Where A represents the action space; Throttle _ego represents the accelerator; Brake _ego represents the brake; Steer _ego represents the vehicle turning angle; the action space of each intelligent vehicle in the scene contains these parameters.

3. According to claim 1, the multi-agent unmanned driving decision-making method for non-signal light intersection scenarios is characterized by introducing dynamic noise into the actions output by the agent strategy network to increase the randomness of the agent's behavior, which decreases accordingly as the number of training rounds increases; encouraging the agent to explore more at the beginning, and by accumulating experience, allowing the agent to gradually make more use of its learned strategies.

4. According to claim 3, the multi-agent unmanned driving decision-making method for the scene of no signal light intersection is characterized in that the noise value is calculated based on the initial noise, the final noise and the remaining percentage of training rounds. The specific calculation method includes: on the basis of the final noise value, adding the difference between the initial noise value and the final noise value and multiplying it by the percentage of remaining training rounds.
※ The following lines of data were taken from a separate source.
text \<open>Passing to the complexification gives access to the Jordan normal form, and
  \<open>ker R\<^sup>2 = ker R\<close> makes the generalised eigenspace of 0 collapse to the kernel.\<close>

lemma order_0_char_poly_sym:
  fixes R :: "real mat"
  assumes R: "R \<in> carrier_mat n n" and sym: "transpose_mat R = R"
    and ker: "mat_kernel R = {c \<cdot>\<^sub>v a | c. True}" and a: "a \<noteq> 0\<^sub>v n"
  shows "order 0 (char_poly R) = 1"
proof -
  let ?M = "map_mat complex_of_real R"
  have M: "?M \<in> carrier_mat n n" using R by simp
  have a_ker: "a \<in> mat_kernel R" using ker by (auto intro: exI[of _ 1])
  then have a_carrier: "a \<in> carrier_vec n" using R by (simp add: mat_kernel_def)
  have ker_M: "mat_kernel ?M = {c \<cdot>\<^sub>v map_vec complex_of_real a | c. True}"
  proof (intro equalityI subsetI)
    fix z assume z: "z \<in> mat_kernel ?M"
    then have zc: "z \<in> carrier_vec n" using M by (simp add: mat_kernel_def)
    obtain c1 c2 where "map_vec Re z = c1 \<cdot>\<^sub>v a" "map_vec Im z = c2 \<cdot>\<^sub>v a"
      using z mat_kernel_of_real_iff[OF R zc] ker by auto
    then have "z = (complex_of_real c1 + \<i> * complex_of_real c2) \<cdot>\<^sub>v map_vec complex_of_real a"
      using zc a_carrier by (intro complex_vec_eqI) auto
    then show "z \<in> {c \<cdot>\<^sub>v map_vec complex_of_real a | c. True}" by blast
  next
    fix z assume "z \<in> {c \<cdot>\<^sub>v map_vec complex_of_real a | c. True}"
    then obtain c where z: "z = c \<cdot>\<^sub>v map_vec complex_of_real a" by blast
    have "map_vec Re z = Re c \<cdot>\<^sub>v a" "map_vec Im z = Im c \<cdot>\<^sub>v a"
      unfolding z by auto
    then show "z \<in> mat_kernel ?M"
      using mat_kernel_of_real_iff[OF R] z a_carrier ker by auto
  qed
  have char_M: "char_matrix ?M 0 = ?M" using M by (intro eq_matI) (auto simp: char_matrix_def)
  have "mat_kernel (?M ^\<^sub>m 2) = mat_kernel ?M"
  proof -
    have "?M ^\<^sub>m 2 = map_mat complex_of_real (R * R)"
      using of_real_hom.mat_hom_mult[OF R R, symmetric] by (simp add: numeral_2_eq_2)
    then show ?thesis
      using mat_kernel_of_real_cong[OF mult_carrier_mat[OF R R] R mat_kernel_mult_self_sym[OF R sym]]
      by simp
  qed
  then have "dim_gen_eigenspace ?M 0 2 = dim_gen_eigenspace ?M 0 1"
    using M by (simp add: dim_gen_eigenspace_def char_M kernel_dim_def)
  from order_char_poly_eq_dim_eigenspace[OF M this]
  have "order 0 (char_poly ?M) = kernel_dim ?M"
    using M by (simp add: dim_gen_eigenspace_def char_M)
  moreover have "order 0 (char_poly ?M) = order 0 (char_poly R)"
  proof -
    interpret map_poly_inj_idom_divide_hom complex_of_real ..
    show ?thesis unfolding of_real_hom.char_poly_hom[OF R] using order_hom[of 0 "char_poly R"] by simp
  qed
  moreover have "order 0 (char_poly R) \<noteq> 0"
  proof -
    have "eigenvalue R 0"
      unfolding eigenvalue_def eigenvector_def
      using a_ker a R by (intro exI[of _ a]) (auto simp: mat_kernel_def)
    then have "poly (char_poly R) 0 = 0" using eigenvalue_root_char_poly[OF R] by simp
    moreover have "char_poly R \<noteq> 0" using degree_monic_char_poly[OF R] by auto
    ultimately show ?thesis by (simp add: order_root)
  qed
  ultimately show ?thesis using kernel_dim_le_1[OF M ker_M] by linarith
qed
5. According to claim 1, the multi-agent unmanned driving decision-making method for non-signal light intersection scenarios is characterized in that the sampling rules include: giving higher priority to experiences that cause significant changes in the agent's behavior or are close to the optimal solution; the sampling strategy is to select experience samples to be replayed based on the importance of the experience, and during training, the decision model focuses more on samples that have a greater impact on the learning process, thereby improving the efficiency and speed of the learning process and enabling the decision model to converge to a better strategy more quickly.

6. According to claim 1, the multi-agent unmanned driving decision-making method for non-signal light intersection scenarios is characterized in that the training method of the decision model includes: after initializing the network parameters of each agent, the agent explores the environment based on the dynamic noise mechanism and accumulates experience; after the experience stored in the experience replay pool exceeds the set threshold, the agent samples based on the sampling rules of the experience replay pool to train the decision model.

7. The multi-agent unmanned driving decision-making method for non-signal intersection scenarios according to claim 1, characterized in that the reward function of the decision model includes: local rewards and global rewards;

The local reward is given based on the vehicle's safe and fast crossing of the intersection from the starting point to the target point, as well as the vehicle speed and time spent as reward evaluation criteria; a certain reward is given based on the distance from the target point, and a penalty is given for conflicts between vehicles; whether the vehicle has reached the target point is judged based on the distance from the target point, and if it arrives successfully, a task completion reward is given;

If all vehicles safely reach the expected destination, a global reward will be given to promote task collaboration among vehicles.

8. A multi-agent unmanned driving decision system for non-signal intersection scenarios, the system is used to implement the method described in any one of claims 1 to 7, characterized in that it includes: a space design module, a noise design module, a rule design module, a model building module and a decision generation module;

The spatial design module is used to set the parameter space of multiple agents based on the unmanned driving scenario at an unsignalized intersection;

The noise design module is used to design a dynamic noise mechanism for the multi-agent so that the multi-agent can accumulate experience in the parameter space;

The rule design module is used to design a sampling rule of the experience replay pool for the multi-agent so that the multi-agent can effectively learn the accumulated experience;

The model building module is used to build a decision model based on the parameter space, the dynamic noise mechanism and the sampling rule;

The decision generation module is used to generate a multi-agent unmanned driving decision method using the decision model.